━━━━━ DATASET RECORDS

(* If a $C_{p^rq^s}$-transfer system has three or more connected components, then it is not lesser simply paired.
   Context: $p,q$ are distinct primes and $r,s\ge 0$ integers. The subgroups of $C_{p^rq^s}$ are identified with grid points $(i,j)$, $0\le i\le r$, $0\le j\le s$, where $(i,j)$ stands for $C_{p^iq^j}$ (intersection is coordinatewise minimum). A $C_{p^rq^s}$-transfer system is a partial order $\to$ on these vertices such that: $(i_1,j_1)\to(i_2,j_2)$ implies $i_1\le i_2$, $j_1\le j_2$; it is reflexive and transitive; and $(i_1,j_1)\to(i_2,j_2)$ implies $(\min\{i_1,a\},\min\{j_1,b\})\to(\min\{i_2,a\},\min\{j_2,b\})$ for every vertex $(a,b)$. Connected components are those of the underlying undirected graph. A transfer system is saturated if whenever $L\le K\le H$ and $L\to H$ is in it then $K\to H$ is in it; $\mathrm{Hull}(T)$ is the smallest saturated transfer system containing $T$; $T_c$ is the complete transfer system (all $K\to H$ with $K\le H$). A pair $(T,T')$ is compatible if $T\subseteq T'$ and for all subgroups $A,B,C$ with $B,C\le A$: if $B\to A$ is in $T$ and $B\cap C\to B$ is in $T'$ then $C\to A$ is in $T'$. $T$ is lesser simply paired if for every transfer system $T'\supseteq T$, $(T,T')$ is compatible iff $T'\in\{\mathrm{Hull}(T),T_c\}$. *)

theory Defs
  imports Main "HOL-Computational_Algebra.Primes"
begin

text \<open>Subgroups of C_{p^r q^s} are identified with grid points (i,j), 0<=i<=r, 0<=j<=s.
 A transfer system is represented as the set of pairs (K,H) with K -> H.\<close>

type_synonym vtx = "nat \<times> nat"

definition grid :: "nat \<Rightarrow> nat \<Rightarrow> vtx set" where
  "grid r s = {0..r} \<times> {0..s}"

definition le_v :: "vtx \<Rightarrow> vtx \<Rightarrow> bool" where
  "le_v x y \<longleftrightarrow> fst x \<le> fst y \<and> snd x \<le> snd y"

definition meet_v :: "vtx \<Rightarrow> vtx \<Rightarrow> vtx" where
  "meet_v x y = (min (fst x) (fst y), min (snd x) (snd y))"

definition transfer_system :: "nat \<Rightarrow> nat \<Rightarrow> vtx rel \<Rightarrow> bool" where
  "transfer_system r s T \<longleftrightarrow>
     T \<subseteq> grid r s \<times> grid r s \<and>
     (\<forall>(x,y)\<in>T. le_v x y) \<and>
     (\<forall>x\<in>grid r s. (x,x) \<in> T) \<and>
     trans T \<and>
     (\<forall>(x,y)\<in>T. \<forall>z\<in>grid r s. (meet_v x z, meet_v y z) \<in> T)"

definition saturated :: "nat \<Rightarrow> nat \<Rightarrow> vtx rel \<Rightarrow> bool" where
  "saturated r s T \<longleftrightarrow>
     (\<forall>L\<in>grid r s. \<forall>K\<in>grid r s. \<forall>H\<in>grid r s.
        le_v L K \<and> le_v K H \<and> (L,H) \<in> T \<longrightarrow> (K,H) \<in> T)"

definition Hull :: "nat \<Rightarrow> nat \<Rightarrow> vtx rel \<Rightarrow> vtx rel" where
  "Hull r s T = \<Inter> {T'. transfer_system r s T' \<and> saturated r s T' \<and> T \<subseteq> T'}"

definition complete_ts :: "nat \<Rightarrow> nat \<Rightarrow> vtx rel" where
  "complete_ts r s = {(K,H). K \<in> grid r s \<and> H \<in> grid r s \<and> le_v K H}"

definition compatible :: "nat \<Rightarrow> nat \<Rightarrow> vtx rel \<Rightarrow> vtx rel \<Rightarrow> bool" where
  "compatible r s T T' \<longleftrightarrow> T \<subseteq> T' \<and>
     (\<forall>A\<in>grid r s. \<forall>B\<in>grid r s. \<forall>C\<in>grid r s.
        le_v B A \<and> le_v C A \<and> (B,A) \<in> T \<and> (meet_v B C, B) \<in> T' \<longrightarrow> (C,A) \<in> T')"

definition lesser_simply_paired :: "nat \<Rightarrow> nat \<Rightarrow> vtx rel \<Rightarrow> bool" where
  "lesser_simply_paired r s T \<longleftrightarrow>
     (\<forall>T'. transfer_system r s T' \<and> T \<subseteq> T' \<longrightarrow>
        (compatible r s T T' \<longleftrightarrow> (T' = Hull r s T \<or> T' = complete_ts r s)))"

definition components :: "nat \<Rightarrow> nat \<Rightarrow> vtx rel \<Rightarrow> vtx set set" where
  "components r s T = grid r s // ((T \<union> T\<inverse>)\<^sup>*)"

end

theory Submission
  imports Defs
begin

text \<open>For a vertex \<open>v\<close>, let \<open>S\<^sub>v\<close> consist of all \<open>K \<le> H\<close> except those entering the
  up-set of \<open>v\<close> from outside (\<open>v \<le> H\<close> but not \<open>v \<le> K\<close>). Each \<open>S\<^sub>v\<close> is a saturated
  transfer system, hence compatible with every \<open>T \<subseteq> S\<^sub>v\<close>, and \<open>T \<subseteq> S\<^sub>v\<close> holds as soon
  as nothing transfers into \<open>v\<close> in \<open>T\<close>. Every component contains such a source (a vertex of
  least height), so with three components there are two distinct nontrivial sources \<open>v\<close>,
  \<open>w\<close>. Then \<open>S\<^sub>v \<noteq> S\<^sub>w\<close> and neither is complete, so they cannot both be \<open>Hull T\<close>.\<close>

definition upset_blocking_ts :: "nat \<Rightarrow> nat \<Rightarrow> vtx \<Rightarrow> vtx rel" where
  "upset_blocking_ts r s v =
     {(K,H). K \<in> grid r s \<and> H \<in> grid r s \<and> le_v K H \<and> (le_v v K \<or> \<not> le_v v H)}"

definition is_source :: "vtx rel \<Rightarrow> vtx \<Rightarrow> bool" where
  "is_source T v \<longleftrightarrow> (\<forall>u. (u,v) \<in> T \<longrightarrow> u = v)"

lemma meet_v_in_grid: "x \<in> grid r s \<Longrightarrow> z \<in> grid r s \<Longrightarrow> meet_v x z \<in> grid r s"
  by (auto simp: grid_def meet_v_def)

lemma transfer_system_upset_blocking_ts: "transfer_system r s (upset_blocking_ts r s v)"
  unfolding transfer_system_def
proof (intro conjI)
  show "trans (upset_blocking_ts r s v)"
    by (auto simp: trans_def upset_blocking_ts_def le_v_def)
  show "\<forall>(x, y)\<in>upset_blocking_ts r s v. \<forall>z\<in>grid r s.
          (meet_v x z, meet_v y z) \<in> upset_blocking_ts r s v"
    by (auto simp: upset_blocking_ts_def grid_def le_v_def meet_v_def)
qed (auto simp: upset_blocking_ts_def le_v_def)

lemma saturated_upset_blocking_ts: "saturated r s (upset_blocking_ts r s v)"
  by (auto simp: saturated_def upset_blocking_ts_def le_v_def)

lemma bottom_transfer_in_upset_blocking_ts_iff:
  assumes "w \<in> grid r s"
  shows "((0,0), w) \<in> upset_blocking_ts r s v \<longleftrightarrow> v = (0,0) \<or> \<not> le_v v w"
  using assms by (cases v) (auto simp: upset_blocking_ts_def grid_def le_v_def)

lemma upset_blocking_ts_ne_complete_ts:
  assumes "v \<in> grid r s" "v \<noteq> (0,0)"
  shows "upset_blocking_ts r s v \<noteq> complete_ts r s"
proof -
  have "((0,0), v) \<in> complete_ts r s"
    using assms(1) by (auto simp: complete_ts_def grid_def le_v_def)
  moreover have "((0,0), v) \<notin> upset_blocking_ts r s v"
    using assms bottom_transfer_in_upset_blocking_ts_iff by (auto simp: le_v_def)
  ultimately show ?thesis by blast
qed

lemma upset_blocking_ts_inject:
  assumes "v \<in> grid r s" "w \<in> grid r s" "v \<noteq> (0,0)" "w \<noteq> (0,0)"
    and "upset_blocking_ts r s v = upset_blocking_ts r s w"
  shows "v = w"
proof -
  have "le_v v v" "le_v w w" by (simp_all add: le_v_def)
  then have "((0,0), v) \<notin> upset_blocking_ts r s w" "((0,0), w) \<notin> upset_blocking_ts r s v"
    using assms bottom_transfer_in_upset_blocking_ts_iff[OF assms(1), of v]
      bottom_transfer_in_upset_blocking_ts_iff[OF assms(2), of w] by auto
  then have "le_v w v" "le_v v w"
    using bottom_transfer_in_upset_blocking_ts_iff[OF assms(1), of w]
      bottom_transfer_in_upset_blocking_ts_iff[OF assms(2), of v] by simp_all
  then show ?thesis by (cases v, cases w) (auto simp: le_v_def)
qed

lemma saturated_imp_compatible:
  assumes "transfer_system r s S" "saturated r s S" "T \<subseteq> S"
  shows "compatible r s T S"
  unfolding compatible_def
proof (intro conjI ballI impI)
  show "T \<subseteq> S" by fact
  fix A B C assume grid: "A \<in> grid r s" "B \<in> grid r s" "C \<in> grid r s"
    and hyps: "le_v B A \<and> le_v C A \<and> (B, A) \<in> T \<and> (meet_v B C, B) \<in> S"
  have "trans S" using assms(1) by (simp add: transfer_system_def)
  then have "(meet_v B C, A) \<in> S" using hyps assms(3) by (meson subsetD transD)
  moreover have "le_v (meet_v B C) C" by (simp add: le_v_def meet_v_def)
  ultimately show "(C, A) \<in> S"
    using assms(2) grid hyps meet_v_in_grid unfolding saturated_def by blast
qed

lemma subset_upset_blocking_ts:
  assumes ts: "transfer_system r s T" and "v \<in> grid r s" and "is_source T v"
  shows "T \<subseteq> upset_blocking_ts r s v"
proof safe
  fix K H assume KH: "(K,H) \<in> T"
  then have "K \<in> grid r s" "H \<in> grid r s" "le_v K H"
    using ts unfolding transfer_system_def by auto
  moreover have "le_v v K" if "le_v v H"
  proof -
    have "(meet_v K v, meet_v H v) \<in> T"
      using ts KH \<open>v \<in> grid r s\<close> unfolding transfer_system_def by auto
    moreover have "meet_v H v = v"
      using that by (cases v, cases H) (auto simp: meet_v_def le_v_def)
    ultimately have "meet_v K v = v" using \<open>is_source T v\<close> by (metis is_source_def)
    then show ?thesis by (cases v, cases K) (auto simp: meet_v_def le_v_def min_def split: if_splits)
  qed
  ultimately show "(K,H) \<in> upset_blocking_ts r s v" by (auto simp: upset_blocking_ts_def)
qed

lemma upset_blocking_ts_eq_Hull:
  assumes "lesser_simply_paired r s T" "transfer_system r s T"
    and "v \<in> grid r s" "v \<noteq> (0,0)" "is_source T v"
  shows "upset_blocking_ts r s v = Hull r s T"
proof -
  have sub: "T \<subseteq> upset_blocking_ts r s v"
    using subset_upset_blocking_ts assms(2-5) by blast
  then have "compatible r s T (upset_blocking_ts r s v)"
    by (simp add: saturated_imp_compatible transfer_system_upset_blocking_ts
        saturated_upset_blocking_ts)
  with assms(1) sub show ?thesis
    using transfer_system_upset_blocking_ts upset_blocking_ts_ne_complete_ts[OF assms(3,4)]
    unfolding lesser_simply_paired_def by blast
qed

lemma equiv_undirected_reachability: "equiv UNIV ((T \<union> T\<inverse>)\<^sup>*)"
  by (simp add: equivI refl_rtrancl sym_rtrancl sym_Un_converse trans_rtrancl)

lemma pairwise_disjnt_components: "pairwise disjnt (components r s T)"
proof -
  have "components r s T \<subseteq> UNIV // (T \<union> T\<inverse>)\<^sup>*"
    by (auto simp: components_def quotient_def)
  then show ?thesis
    using quotient_disj[OF equiv_undirected_reachability]
    unfolding pairwise_def disjnt_def by blast
qed

lemma component_subset_grid:
  assumes "transfer_system r s T" "X \<in> components r s T"
  shows "X \<subseteq> grid r s"
proof
  fix x assume "x \<in> X"
  then obtain a where "a \<in> grid r s" and reach: "(a,x) \<in> (T \<union> T\<inverse>)\<^sup>*"
    using assms(2) unfolding components_def quotient_def by blast
  from reach \<open>a \<in> grid r s\<close> show "x \<in> grid r s"
  proof (induction rule: rtrancl_induct)
    case (step y z)
    then show ?case using assms(1) by (auto simp: transfer_system_def)
  qed
qed

lemma component_has_source:
  assumes ts: "transfer_system r s T" and X: "X \<in> components r s T"
  shows "\<exists>v\<in>X. is_source T v"
proof -
  let ?R = "(T \<union> T\<inverse>)\<^sup>*"
  obtain a where a: "a \<in> grid r s" "X = ?R `` {a}"
    using X unfolding components_def quotient_def by blast
  then have "a \<in> X" by blast
  then obtain v where v: "v \<in> X" and least: "\<And>y. y \<in> X \<Longrightarrow> fst v + snd v \<le> fst y + snd y"
    using ex_has_least_nat[of "\<lambda>x. x \<in> X" a "\<lambda>x. fst x + snd x"] by blast
  have "u = v" if "(u,v) \<in> T" for u
  proof -
    from that have "(v,u) \<in> ?R" by blast
    with v a have "u \<in> X" by (blast intro: rtrancl_trans)
    moreover have "le_v u v" using ts that unfolding transfer_system_def by auto
    ultimately show "u = v" using least[of u] by (cases u, cases v) (auto simp: le_v_def)
  qed
  with v show ?thesis unfolding is_source_def by blast
qed

lemma two_members_avoiding:
  fixes \<C> :: "'a set set"
  assumes "card \<C> \<ge> 3" "pairwise disjnt \<C>"
  obtains X Y where "X \<in> \<C>" "Y \<in> \<C>" "X \<noteq> Y" "b \<notin> X" "b \<notin> Y"
proof -
  let ?B = "{X \<in> \<C>. b \<in> X}"
  have "finite \<C>" using assms(1) card_ge_0_finite[of \<C>] by simp
  then have "finite ?B" by simp
  moreover have "X = Y" if "X \<in> ?B" "Y \<in> ?B" for X Y
    using that assms(2) unfolding pairwise_def disjnt_def by blast
  ultimately have "card ?B \<le> 1" using card_le_Suc0_iff_eq[of ?B] by auto
  then have "\<not> card (\<C> - ?B) \<le> Suc 0"
    using assms(1) diff_card_le_card_Diff[OF \<open>finite ?B\<close>, of \<C>] by linarith
  then obtain X Y where "X \<in> \<C> - ?B" "Y \<in> \<C> - ?B" "X \<noteq> Y"
    using card_le_Suc0_iff_eq \<open>finite \<C>\<close> by blast
  with that show ?thesis by blast
qed

theorem mainTheorem12:
  fixes p q r s :: nat and T :: "vtx rel"
  assumes "prime p" and "prime q" and "p \<noteq> q"
    and "transfer_system r s T"
    and "card (components r s T) \<ge> 3"
  shows "\<not> lesser_simply_paired r s T"
proof
  assume lsp: "lesser_simply_paired r s T"
  note ts = assms(4)
  obtain X Y where XY: "X \<in> components r s T" "Y \<in> components r s T" "X \<noteq> Y"
    "(0,0) \<notin> X" "(0,0) \<notin> Y"
    using two_members_avoiding[OF assms(5) pairwise_disjnt_components] by metis
  obtain v w where v: "v \<in> X" "is_source T v" and w: "w \<in> Y" "is_source T w"
    using component_has_source[OF ts] XY(1,2) by metis
  have grid: "v \<in> grid r s" "w \<in> grid r s"
    using component_subset_grid[OF ts] XY(1,2) v w by blast+
  have "v \<noteq> (0,0)" "w \<noteq> (0,0)" using XY v w by auto
  then have "upset_blocking_ts r s v = upset_blocking_ts r s w"
    using upset_blocking_ts_eq_Hull[OF lsp ts] grid v w by simp
  then have "v = w"
    using upset_blocking_ts_inject grid \<open>v \<noteq> (0,0)\<close> \<open>w \<noteq> (0,0)\<close> by blast
  with pairwise_disjnt_components XY(1-3) v w show False
    unfolding pairwise_def disjnt_def by blast
qed

end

━━━━━━━━━━

→ **PROMPT**
Show every line in the records above that contains the word "metis".

→ **RESULT**
    ultimately have "meet_v K v = v" using \<open>is_source T v\<close> by (metis is_source_def)
    using two_members_avoiding[OF assms(5) pairwise_disjnt_components] by metis
    using component_has_source[OF ts] XY(1,2) by metis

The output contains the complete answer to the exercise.